EXERCISE OBJECTIVE. All lines in the data that hold the word "forall" need copying.

(Stored items)
* * * * * * * * *

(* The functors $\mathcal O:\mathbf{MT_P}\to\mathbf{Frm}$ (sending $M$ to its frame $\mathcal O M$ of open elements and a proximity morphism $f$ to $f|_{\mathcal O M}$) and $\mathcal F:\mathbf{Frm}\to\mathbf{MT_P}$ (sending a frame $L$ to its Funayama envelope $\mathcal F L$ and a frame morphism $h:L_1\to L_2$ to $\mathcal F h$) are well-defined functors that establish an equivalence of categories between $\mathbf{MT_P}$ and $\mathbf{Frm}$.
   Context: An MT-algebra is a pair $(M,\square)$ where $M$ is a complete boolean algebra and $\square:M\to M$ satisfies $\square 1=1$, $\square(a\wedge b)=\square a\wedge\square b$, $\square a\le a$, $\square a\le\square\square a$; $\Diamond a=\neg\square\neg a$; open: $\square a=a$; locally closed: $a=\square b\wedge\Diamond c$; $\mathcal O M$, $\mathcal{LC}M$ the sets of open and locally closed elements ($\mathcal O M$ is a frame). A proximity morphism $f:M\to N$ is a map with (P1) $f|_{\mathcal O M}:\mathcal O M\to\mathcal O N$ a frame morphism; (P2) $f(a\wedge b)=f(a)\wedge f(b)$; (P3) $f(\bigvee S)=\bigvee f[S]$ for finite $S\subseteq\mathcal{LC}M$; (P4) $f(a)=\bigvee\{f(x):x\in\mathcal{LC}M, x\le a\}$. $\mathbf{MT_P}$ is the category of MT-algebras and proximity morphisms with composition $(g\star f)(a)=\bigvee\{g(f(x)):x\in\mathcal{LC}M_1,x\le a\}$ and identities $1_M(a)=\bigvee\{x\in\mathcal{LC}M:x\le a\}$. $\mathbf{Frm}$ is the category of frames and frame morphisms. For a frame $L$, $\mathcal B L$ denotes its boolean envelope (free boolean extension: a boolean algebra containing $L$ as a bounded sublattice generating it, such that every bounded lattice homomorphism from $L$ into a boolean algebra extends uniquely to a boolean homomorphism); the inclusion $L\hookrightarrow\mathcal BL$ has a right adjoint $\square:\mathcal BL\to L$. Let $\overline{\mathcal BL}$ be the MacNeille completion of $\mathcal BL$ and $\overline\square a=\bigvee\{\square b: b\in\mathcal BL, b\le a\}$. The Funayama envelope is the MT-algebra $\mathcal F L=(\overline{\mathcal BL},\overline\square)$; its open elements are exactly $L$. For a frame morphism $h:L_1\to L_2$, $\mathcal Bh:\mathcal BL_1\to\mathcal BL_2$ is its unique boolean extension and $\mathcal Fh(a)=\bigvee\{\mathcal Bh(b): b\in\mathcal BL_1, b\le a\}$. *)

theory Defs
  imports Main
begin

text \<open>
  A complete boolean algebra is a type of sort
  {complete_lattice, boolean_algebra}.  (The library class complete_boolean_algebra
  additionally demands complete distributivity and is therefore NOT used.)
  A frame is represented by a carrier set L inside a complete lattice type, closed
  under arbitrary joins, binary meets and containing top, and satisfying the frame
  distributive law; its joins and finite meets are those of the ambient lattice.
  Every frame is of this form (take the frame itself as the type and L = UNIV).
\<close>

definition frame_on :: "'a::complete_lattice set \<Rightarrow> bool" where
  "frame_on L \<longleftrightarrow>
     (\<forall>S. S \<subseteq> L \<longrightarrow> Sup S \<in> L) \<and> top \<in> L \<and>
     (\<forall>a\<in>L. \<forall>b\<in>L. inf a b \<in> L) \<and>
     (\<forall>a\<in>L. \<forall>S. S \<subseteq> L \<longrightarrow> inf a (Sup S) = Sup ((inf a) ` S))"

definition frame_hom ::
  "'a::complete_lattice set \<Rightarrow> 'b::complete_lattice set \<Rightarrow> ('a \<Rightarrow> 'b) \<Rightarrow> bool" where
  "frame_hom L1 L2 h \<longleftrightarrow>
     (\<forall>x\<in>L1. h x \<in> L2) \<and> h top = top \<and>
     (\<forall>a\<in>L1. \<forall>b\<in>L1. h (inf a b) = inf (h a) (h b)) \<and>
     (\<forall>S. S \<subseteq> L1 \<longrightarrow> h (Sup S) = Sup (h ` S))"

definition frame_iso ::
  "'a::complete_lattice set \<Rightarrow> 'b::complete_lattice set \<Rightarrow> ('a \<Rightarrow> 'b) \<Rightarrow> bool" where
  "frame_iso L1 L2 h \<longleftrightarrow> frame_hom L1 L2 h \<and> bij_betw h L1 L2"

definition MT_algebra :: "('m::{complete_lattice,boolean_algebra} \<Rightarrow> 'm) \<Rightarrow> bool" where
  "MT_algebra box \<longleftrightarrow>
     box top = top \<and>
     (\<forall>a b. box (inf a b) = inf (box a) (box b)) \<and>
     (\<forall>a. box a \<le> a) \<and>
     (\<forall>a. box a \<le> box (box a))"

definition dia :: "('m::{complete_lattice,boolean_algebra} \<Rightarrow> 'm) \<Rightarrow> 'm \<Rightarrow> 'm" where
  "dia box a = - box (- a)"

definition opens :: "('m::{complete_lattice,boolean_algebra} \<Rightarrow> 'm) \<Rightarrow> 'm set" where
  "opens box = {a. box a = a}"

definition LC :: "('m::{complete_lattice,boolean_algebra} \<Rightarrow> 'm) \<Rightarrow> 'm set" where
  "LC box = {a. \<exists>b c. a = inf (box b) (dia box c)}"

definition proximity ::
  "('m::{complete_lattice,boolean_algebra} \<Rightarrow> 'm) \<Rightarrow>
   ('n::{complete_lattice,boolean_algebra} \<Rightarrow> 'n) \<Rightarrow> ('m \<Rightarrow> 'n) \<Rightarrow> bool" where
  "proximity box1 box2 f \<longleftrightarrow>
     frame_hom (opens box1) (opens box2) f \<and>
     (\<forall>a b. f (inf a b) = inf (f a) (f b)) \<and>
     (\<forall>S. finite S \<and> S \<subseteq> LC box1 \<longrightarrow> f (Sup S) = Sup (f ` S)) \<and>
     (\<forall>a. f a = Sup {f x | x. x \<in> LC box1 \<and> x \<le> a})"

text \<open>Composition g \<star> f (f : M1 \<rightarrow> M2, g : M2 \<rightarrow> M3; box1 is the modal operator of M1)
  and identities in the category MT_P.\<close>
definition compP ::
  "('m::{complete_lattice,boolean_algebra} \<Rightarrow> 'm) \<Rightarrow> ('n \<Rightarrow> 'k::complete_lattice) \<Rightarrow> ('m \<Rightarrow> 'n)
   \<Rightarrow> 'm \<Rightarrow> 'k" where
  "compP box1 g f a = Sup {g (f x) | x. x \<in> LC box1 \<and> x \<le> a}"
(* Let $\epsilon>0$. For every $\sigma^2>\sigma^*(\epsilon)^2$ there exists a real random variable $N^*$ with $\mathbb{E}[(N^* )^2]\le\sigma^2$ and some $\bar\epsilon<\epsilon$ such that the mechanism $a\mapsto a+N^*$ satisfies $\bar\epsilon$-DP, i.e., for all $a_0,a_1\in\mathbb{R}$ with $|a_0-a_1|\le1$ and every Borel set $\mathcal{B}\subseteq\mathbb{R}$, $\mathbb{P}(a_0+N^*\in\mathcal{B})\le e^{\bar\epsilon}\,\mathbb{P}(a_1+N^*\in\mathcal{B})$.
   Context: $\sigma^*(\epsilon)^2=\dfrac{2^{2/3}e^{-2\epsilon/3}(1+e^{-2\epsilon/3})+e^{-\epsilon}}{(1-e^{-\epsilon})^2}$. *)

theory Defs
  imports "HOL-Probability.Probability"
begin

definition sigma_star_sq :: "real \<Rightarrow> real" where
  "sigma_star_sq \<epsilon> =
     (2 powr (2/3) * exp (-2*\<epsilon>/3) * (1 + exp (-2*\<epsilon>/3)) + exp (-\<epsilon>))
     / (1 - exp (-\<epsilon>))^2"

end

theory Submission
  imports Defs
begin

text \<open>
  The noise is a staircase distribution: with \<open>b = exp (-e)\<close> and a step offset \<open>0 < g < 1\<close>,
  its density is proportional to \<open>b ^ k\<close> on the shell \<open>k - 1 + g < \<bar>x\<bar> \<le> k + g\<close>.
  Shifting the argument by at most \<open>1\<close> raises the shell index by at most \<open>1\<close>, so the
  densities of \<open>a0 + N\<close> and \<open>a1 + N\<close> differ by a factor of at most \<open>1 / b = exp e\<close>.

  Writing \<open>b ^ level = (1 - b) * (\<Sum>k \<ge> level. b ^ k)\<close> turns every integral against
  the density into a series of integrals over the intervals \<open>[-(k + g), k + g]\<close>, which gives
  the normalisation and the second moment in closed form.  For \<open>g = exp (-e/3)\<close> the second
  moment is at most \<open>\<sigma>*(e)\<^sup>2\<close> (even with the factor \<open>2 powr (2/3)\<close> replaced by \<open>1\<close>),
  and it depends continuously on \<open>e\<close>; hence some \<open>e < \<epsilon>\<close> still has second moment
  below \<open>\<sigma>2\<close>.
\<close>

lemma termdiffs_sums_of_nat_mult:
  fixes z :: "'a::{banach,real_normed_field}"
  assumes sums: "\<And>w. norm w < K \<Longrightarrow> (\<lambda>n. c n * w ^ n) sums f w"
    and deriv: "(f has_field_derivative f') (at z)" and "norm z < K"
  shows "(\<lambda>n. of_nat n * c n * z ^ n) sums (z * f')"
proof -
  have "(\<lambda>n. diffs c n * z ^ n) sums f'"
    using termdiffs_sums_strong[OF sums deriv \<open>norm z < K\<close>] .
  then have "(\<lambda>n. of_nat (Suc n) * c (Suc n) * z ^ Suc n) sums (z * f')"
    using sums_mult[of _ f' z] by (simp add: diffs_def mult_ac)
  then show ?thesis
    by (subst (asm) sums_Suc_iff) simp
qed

* * * * * * * * *

ANSWER TO THE PROBLEM.
     (\<forall>S. S \<subseteq> L \<longrightarrow> Sup S \<in> L) \<and> top \<in> L \<and>
     (\<forall>a\<in>L. \<forall>b\<in>L. inf a b \<in> L) \<and>
     (\<forall>a\<in>L. \<forall>S. S \<subseteq> L \<longrightarrow> inf a (Sup S) = Sup ((inf a) ` S))"
     (\<forall>x\<in>L1. h x \<in> L2) \<and> h top = top \<and>
     (\<forall>a\<in>L1. \<forall>b\<in>L1. h (inf a b) = inf (h a) (h b)) \<and>
     (\<forall>S. S \<subseteq> L1 \<longrightarrow> h (Sup S) = Sup (h ` S))"
     (\<forall>a b. box (inf a b) = inf (box a) (box b)) \<and>
     (\<forall>a. box a \<le> a) \<and>
     (\<forall>a. box a \<le> box (box a))"
     (\<forall>a b. f (inf a b) = inf (f a) (f b)) \<and>
     (\<forall>S. finite S \<and> S \<subseteq> LC box1 \<longrightarrow> f (Sup S) = Sup (f ` S)) \<and>
     (\<forall>a. f a = Sup {f x | x. x \<in> LC box1 \<and> x \<le> a})"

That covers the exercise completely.